Senior Site Reliability Engineer
Project Detail
You are responsible for:
- Helping to create a repeatable OpenStack cloud deployment
- Implementing a network topology using Open vSwitch, providing per-tenant networking, load balancing, and IPv6
- Performing day-to-day operational tasks on Wikimedia’s Cloud Services infrastructure (deployment, maintenance, configuration, troubleshooting).

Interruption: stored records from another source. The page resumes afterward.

lemma zero_extension_Ind:
  assumes H: "subgroup_QZ f H" and \<chi>: "is_character f H \<chi>"
  shows "zero_extension H \<chi> \<in> Ind f H \<chi> QZ"
  unfolding Ind_def mem_Collect_eq
proof (intro conjI allI impI ballI)
  fix x assume "x \<notin> QZ"
  then show "zero_extension H \<chi> x = 0" using H unfolding zero_extension_def subgroup_QZ_def by auto
next
  fix h x assume h: "h \<in> H" and x: "x \<in> QZ"
  show "zero_extension H \<chi> (sd_mul f h x) = \<chi> h * zero_extension H \<chi> x"
    using subgroup_QZ_mul_left_iff[OF H h x] \<chi> h unfolding zero_extension_def is_character_def by auto
qed

lemma ract_zero_extension:
  assumes H: "subgroup_QZ f H" and \<chi>: "is_character f H \<chi>" and c: "c \<in> H"
  shows "ract f QZ c (zero_extension H \<chi>) = (\<lambda>x. \<chi> c * zero_extension H \<chi> x)"
proof
  fix x
  show "ract f QZ c (zero_extension H \<chi>) x = \<chi> c * zero_extension H \<chi> x"
  proof (cases "x \<in> QZ")
    case True
    then show ?thesis
      using subgroup_QZ_mul_right_iff[OF H c True] \<chi> c
      unfolding ract_def zero_extension_def is_character_def by (auto simp: mult.commute)
  next
    case False
    then show ?thesis using H unfolding ract_def zero_extension_def subgroup_QZ_def by auto
  qed
qed

definition restrict_Q8Z :: "(mat3 \<times> int \<Rightarrow> complex) \<Rightarrow> mat3 \<times> int \<Rightarrow> complex" where
  "restrict_Q8Z F x = (if x \<in> Q8Z then F x else 0)"

lemma restrict_Q8Z_Ind:
  assumes F: "F \<in> Ind f Cgrp \<chi> QZ"
  shows "restrict_Q8Z F \<in> Ind f Cgrp \<chi> Q8Z"
  unfolding Ind_def mem_Collect_eq
proof (intro conjI allI impI ballI)
  fix x assume "x \<notin> Q8Z"
  then show "restrict_Q8Z F x = 0" unfolding restrict_Q8Z_def by simp
next
  fix h x assume h: "h \<in> Cgrp" and x: "x \<in> Q8Z"
  have "sd_mul f h x \<in> Q8Z" using Q8Z_mul C_subset_Q8Z h x by blast
  then show "restrict_Q8Z F (sd_mul f h x) = \<chi> h * restrict_Q8Z F x"
    unfolding restrict_Q8Z_def using x Ind_equivariant[OF F h, of x] Q8Z_subset_QZ by auto
qed

lemma restrict_Q8Z_ract:
  assumes "g \<in> Q8Z"
  shows "restrict_Q8Z (ract f QZ g F) = ract f Q8Z g (restrict_Q8Z F)"
proof
  fix x
  show "restrict_Q8Z (ract f QZ g F) x = ract f Q8Z g (restrict_Q8Z F) x"
    using assms Q8Z_mul[of x g f] Q8Z_subset_QZ unfolding restrict_Q8Z_def ract_def by auto
qed
(* Let $u\in\Omega_0^M$. For every node $v$ of the binary tree $B_\Lambda(u)$ with descendents $v_l,v_r$, one has $\tau(v)\le\tau(v_l)$ and $\tau(v)\le\tau(v_r)$, with at least one of these inequalities strict. In particular $\tau$ is non-decreasing along every path in $B_\Lambda(u)$ starting at the root $u$.
   Context: $\kappa(x,y,z)=-x^2-y^2+z^2+xyz-2$; for $u=(x,y,z)$ set $\bar z(u)=-xy-z$ and $\tau(u)=-z\,\bar z(u)$. $Q_x(x,y,z)=(yz-x,y,z)$, $Q_y(x,y,z)=(x,xz-y,z)$, $Q_z(x,y,z)=(x,y,-xy-z)$ (involutions preserving $\kappa$), and $\Lambda=\langle Q_x,Q_y,Q_z\rangle$. $\Omega_0^M=\{(x,y,z): z<-2,\ xy+z>2\}$. For $u\in\Omega_0^M$ the binary tree $B_\Lambda(u)$ is defined inductively: $u$ is the root; its two descendents are $Q_x(u)$ (left) and $Q_y(u)$ (right); if $v\ne u$ is a node with parent $\hat v$ and $v=\lambda\hat v$ with $\lambda\in\{Q_x,Q_y,Q_z\}$, then the two descendents of $v$ are $\lambda_1v$ and $\lambda_2 v$ where $\{\lambda_1,\lambda_2\}=\{Q_x,Q_y,Q_z\}\setminus\{\lambda\}$. *)

theory Defs
  imports Complex_Main
begin

type_synonym pt = "real \<times> real \<times> real"

definition kappa :: "pt \<Rightarrow> real" where
  "kappa u = (case u of (x,y,z) \<Rightarrow> - (x^2) - y^2 + z^2 + x*y*z - 2)"

definition zbar :: "pt \<Rightarrow> real" where
  "zbar u = (case u of (x,y,z) \<Rightarrow> -x*y - z)"

definition tau :: "pt \<Rightarrow> real" where
  "tau u = (case u of (x,y,z) \<Rightarrow> - z * zbar u)"

definition Qx :: "pt \<Rightarrow> pt" where
  "Qx u = (case u of (x,y,z) \<Rightarrow> (y*z - x, y, z))"

definition Qy :: "pt \<Rightarrow> pt" where
  "Qy u = (case u of (x,y,z) \<Rightarrow> (x, x*z - y, z))"

definition Qz :: "pt \<Rightarrow> pt" where
  "Qz u = (case u of (x,y,z) \<Rightarrow> (x, y, -x*y - z))"

definition Omega0M :: "pt set" where
  "Omega0M = {(x,y,z). z < -2 \<and> x*y + z > 2}"

datatype gen = GX | GY | GZ

fun Qg :: "gen \<Rightarrow> pt \<Rightarrow> pt" where
  "Qg GX = Qx" | "Qg GY = Qy" | "Qg GZ = Qz"

text \<open>Nodes of the tree B_Lambda(u): a node is a point v together with the label of the
  involution by which it was obtained from its parent (None for the root).\<close>
inductive tree_node :: "pt \<Rightarrow> pt \<Rightarrow> gen option \<Rightarrow> bool" for u :: pt where
  root: "tree_node u u None"
| root_child: "l \<in> {GX, GY} \<Longrightarrow> tree_node u (Qg l u) (Some l)"
| child: "tree_node u v (Some l) \<Longrightarrow> l' \<noteq> l \<Longrightarrow> tree_node u (Qg l' v) (Some l')"

fun child_gens :: "gen option \<Rightarrow> gen set" where
  "child_gens None = {GX, GY}"
| "child_gens (Some l) = UNIV - {l}"

end

theory Submission
  imports Defs
begin

text \<open>Since \<open>\<tau>(x,y,z) = xyz + z\<^sup>2\<close>, the flips \<open>Q\<^sub>x, Q\<^sub>y\<close> (which keep
  \<open>z\<close>) change \<open>\<tau>\<close> exactly as they change the product \<open>p = xyz\<close>, while \<open>Q\<^sub>z\<close>
  swaps the two factors \<open>z\<close> and \<open>-xy - z\<close> of \<open>\<tau>\<close> and so fixes it. A Vieta flip
  \<open>w \<mapsto> c - w\<close> of a coordinate with partner product \<open>c\<close> strictly increases \<open>wc\<close>
  whenever \<open>2wc < c\<^sup>2\<close>, and afterwards \<open>c\<^sup>2 < 2wc\<close>. Along the tree one therefore
  keeps track of \<open>z\<^sup>2 > 4\<close> and, via the label, of which coordinate was flipped last:
  after a \<open>Q\<^sub>z\<close>-step (or at the root) \<open>p < 0\<close>, so both \<open>Q\<^sub>x\<close> and \<open>Q\<^sub>y\<close> are
  increasing flips; after a \<open>Q\<^sub>x\<close>-step \<open>(yz)\<^sup>2 < 2p\<close>, and multiplying by \<open>(xz)\<^sup>2\<close>
  and using \<open>z\<^sup>2 > 4\<close> turns this into \<open>2p < (xz)\<^sup>2\<close>, so the next \<open>Q\<^sub>y\<close>-step
  is again an increasing flip.\<close>

fun node_invariant :: "gen option \<Rightarrow> pt \<Rightarrow> bool" where
  "node_invariant lab (x, y, z) \<longleftrightarrow> 4 < z\<^sup>2 \<and>
     (case lab of
        Some GX \<Rightarrow> (y * z)\<^sup>2 < 2 * (x * y * z)
      | Some GY \<Rightarrow> (x * z)\<^sup>2 < 2 * (x * y * z)
      | _ \<Rightarrow> x * y * z < 0)"

lemma tau_eq: "tau (x, y, z) = x * y * z + z\<^sup>2"
  by (simp add: tau_def zbar_def power2_eq_square algebra_simps)

lemma tau_Qz: "tau (Qz v) = tau v"
  by (cases v) (simp add: tau_def zbar_def Qz_def algebra_simps)

lemma vieta_flip:
  fixes w c :: real
  assumes "2 * (w * c) < c\<^sup>2"
  shows "w * c < (c - w) * c" and "c\<^sup>2 < 2 * ((c - w) * c)"
  using assms by (simp_all add: algebra_simps power2_eq_square)

lemma flip_ready_other:
  fixes x y z :: real
  assumes z: "4 < z\<^sup>2" and flipped: "(y * z)\<^sup>2 < 2 * (x * y * z)"
  shows "2 * (x * y * z) < (x * z)\<^sup>2"
proof -
  define p where "p = x * y * z"
  have p_pos: "0 < p"
    using flipped zero_le_power2[of "y * z"] unfolding p_def by linarith
  have "p * (p * z\<^sup>2) = (y * z)\<^sup>2 * (x * z)\<^sup>2"
    unfolding p_def by algebra
  also have "\<dots> \<le> 2 * p * (x * z)\<^sup>2"
    using flipped unfolding p_def by (intro mult_right_mono) auto
  finally have "p * z\<^sup>2 \<le> 2 * (x * z)\<^sup>2"
    using p_pos by (simp add: mult.assoc)
  moreover have "4 * p < p * z\<^sup>2"
    using p_pos z by simp
  ultimately show ?thesis
    unfolding p_def by linarith
qed

lemma Qx_step:
  assumes inv: "node_invariant lab (x, y, z)" and not_GX: "lab \<noteq> Some GX"
  shows "node_invariant (Some GX) (Qx (x, y, z))" and "tau (x, y, z) < tau (Qx (x, y, z))"
proof -
  have ready: "2 * (x * (y * z)) < (y * z)\<^sup>2"
  proof (cases "lab = Some GY")
    case True
    then have "(x * z)\<^sup>2 < 2 * (y * x * z)"
      using inv by (simp add: mult_ac)
    with flip_ready_other[of z x y] inv show ?thesis
      by (simp add: mult_ac)
  next
    case False
    then have "x * (y * z) < 0"
      using inv not_GX by (cases lab rule: option.exhaust) (auto simp: mult.assoc split: gen.splits)
    then show ?thesis
      using zero_le_power2[of "y * z"] by linarith
  qed
  from vieta_flip[OF ready] inv show
    "node_invariant (Some GX) (Qx (x, y, z))" and "tau (x, y, z) < tau (Qx (x, y, z))"
    by (simp_all add: Qx_def tau_eq mult_ac)
qed

lemma Qy_step:
  assumes inv: "node_invariant lab (x, y, z)" and not_GY: "lab \<noteq> Some GY"
  shows "node_invariant (Some GY) (Qy (x, y, z))" and "tau (x, y, z) < tau (Qy (x, y, z))"
proof -
  have ready: "2 * (y * (x * z)) < (x * z)\<^sup>2"
  proof (cases "lab = Some GX")
    case True
    with flip_ready_other[of z y x] inv show ?thesis
      by (simp add: mult_ac)
  next
    case False
    then have "y * (x * z) < 0"
      using inv not_GY by (cases lab rule: option.exhaust) (auto simp: mult_ac split: gen.splits)
    then show ?thesis
      using zero_le_power2[of "x * z"] by linarith
  qed
  from vieta_flip[OF ready] inv show
    "node_invariant (Some GY) (Qy (x, y, z))" and "tau (x, y, z) < tau (Qy (x, y, z))"
    by (simp_all add: Qy_def tau_eq mult_ac)
qed

lemma Qz_step:
  assumes inv: "node_invariant (Some l) (x, y, z)" and not_GZ: "l \<noteq> GZ"
  shows "node_invariant (Some GZ) (Qz (x, y, z))"
proof -
  have z: "4 < z\<^sup>2"
    using inv by simp
  have "(y * z)\<^sup>2 < 2 * (x * y * z) \<or> (x * z)\<^sup>2 < 2 * (x * y * z)"
    using inv not_GZ by (cases l) auto
  then have p_pos: "0 < x * y * z"
    using zero_le_power2[of "y * z"] zero_le_power2[of "x * z"] by linarith
  have "(- x * y - z)\<^sup>2 = (x * y)\<^sup>2 + 2 * (x * y * z) + z\<^sup>2"
    by algebra
  then have "4 < (- x * y - z)\<^sup>2"
    using z p_pos zero_le_power2[of "x * y"] by linarith
  moreover have "x * y * (- x * y - z) = - (x * y)\<^sup>2 - x * y * z"
    by algebra
  then have "x * y * (- x * y - z) < 0"
    using p_pos zero_le_power2[of "x * y"] by linarith
  ultimately show ?thesis
    by (simp add: Qz_def)
qed

lemma node_invariant_child:
  assumes inv: "node_invariant lab v" and child: "l \<in> child_gens lab"
  shows "node_invariant (Some l) (Qg l v)" and "tau v \<le> tau (Qg l v)"
    and "l \<noteq> GZ \<Longrightarrow> tau v < tau (Qg l v)"
proof -
  obtain x y z where v: "v = (x, y, z)"
    by (cases v) auto
  have "lab \<noteq> Some l"
    using child by (cases lab) auto
  then have "node_invariant (Some l) (Qg l v) \<and> tau v < tau (Qg l v)" if "l \<noteq> GZ"
    using Qx_step[of lab x y z] Qy_step[of lab x y z] inv that unfolding v
    by (cases l) auto
  moreover have "node_invariant (Some GZ) (Qg GZ v) \<and> tau v = tau (Qg GZ v)" if "l = GZ"
    using child that Qz_step[of _ x y z] inv tau_Qz[of v] unfolding v
    by (cases lab) auto
  ultimately show "node_invariant (Some l) (Qg l v)" and "tau v \<le> tau (Qg l v)"
    and "l \<noteq> GZ \<Longrightarrow> tau v < tau (Qg l v)"
    by (cases "l = GZ"; fastforce)+
qed

lemma node_invariant_root:
  assumes "u \<in> Omega0M"
  shows "node_invariant None u"
proof -
  obtain x y z where u: "u = (x, y, z)" and z: "z < -2" and xy: "2 - z < x * y"
    using assms unfolding Omega0M_def by auto
  have "x * y * z < 0"
    using z xy by (simp add: mult_pos_neg)
  moreover have "2\<^sup>2 < (- z)\<^sup>2"
    using z by (intro power_strict_mono) auto
  ultimately show ?thesis
    unfolding u by simp
qed

lemma tree_node_invariant:
  assumes "u \<in> Omega0M" and "tree_node u v lab"
  shows "node_invariant lab v \<and> tau u \<le> tau v"
  using assms(2)
proof (induction rule: tree_node.induct)
  case root
  show ?case
    using node_invariant_root[OF assms(1)] by simp
next
  case (root_child l)
  then show ?case
    using node_invariant_child[OF node_invariant_root[OF assms(1)], of l] by simp
next
  case (child v l l')
  then have "l' \<in> child_gens (Some l)"
    by simp
  with child show ?case
    using node_invariant_child[of "Some l" v l'] by fastforce
qed

theorem mainTheorem8:
  fixes u v :: pt and lab :: "gen option"
  assumes "u \<in> Omega0M"
    and "tree_node u v lab"
  shows "(\<forall>l \<in> child_gens lab. tau v \<le> tau (Qg l v))
         \<and> (\<exists>l \<in> child_gens lab. tau v < tau (Qg l v))
         \<and> tau u \<le> tau v"
proof -
  have inv: "node_invariant lab v" and root_le: "tau u \<le> tau v"
    using tree_node_invariant[OF assms] by auto
  have "GX \<in> child_gens lab \<or> GY \<in> child_gens lab"
    by (cases lab) auto
  then have "\<exists>l \<in> child_gens lab. l \<noteq> GZ"
    by auto
  then show ?thesis
    using node_invariant_child[OF inv] root_le by blast
qed

end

Develop and support automation tools and processes in support of these tasks.
- Participating in on-call rotation and support in a 24×7 environment
Skills and Experience:
- Comfortable working and thriving within a Linux ecosystem
- Understand networking in the physical domain of switches and servers
- Software development skills in at least one of the following languages: Python, Go, Javascript, and/or Ruby
- B.S. or M.S. in Computer Science or related field or equivalent in related work experience.
Qualities that are important to us:
- Share our values, appreciate our code of conduct, support our team norms, and work by all three
- Strong English language skills and ability to work independently, as an effective part of a globally distributed team
- Support of our users (volunteer and staff developers) using our service offerings
- Passionate about the value of learning and growing together
Additionally, we’d love it if you have:
- Utilized configuration management tools such as Puppet, Ansible, Chef, and SaltStack
- Used Kubernetes, Docker Swarm, Mesos, or similar container orchestration platforms
- Operated an elastic computing environment such as OpenStack or Cloudstack
- Operated a multi-tenant capable software-defined network (SDN)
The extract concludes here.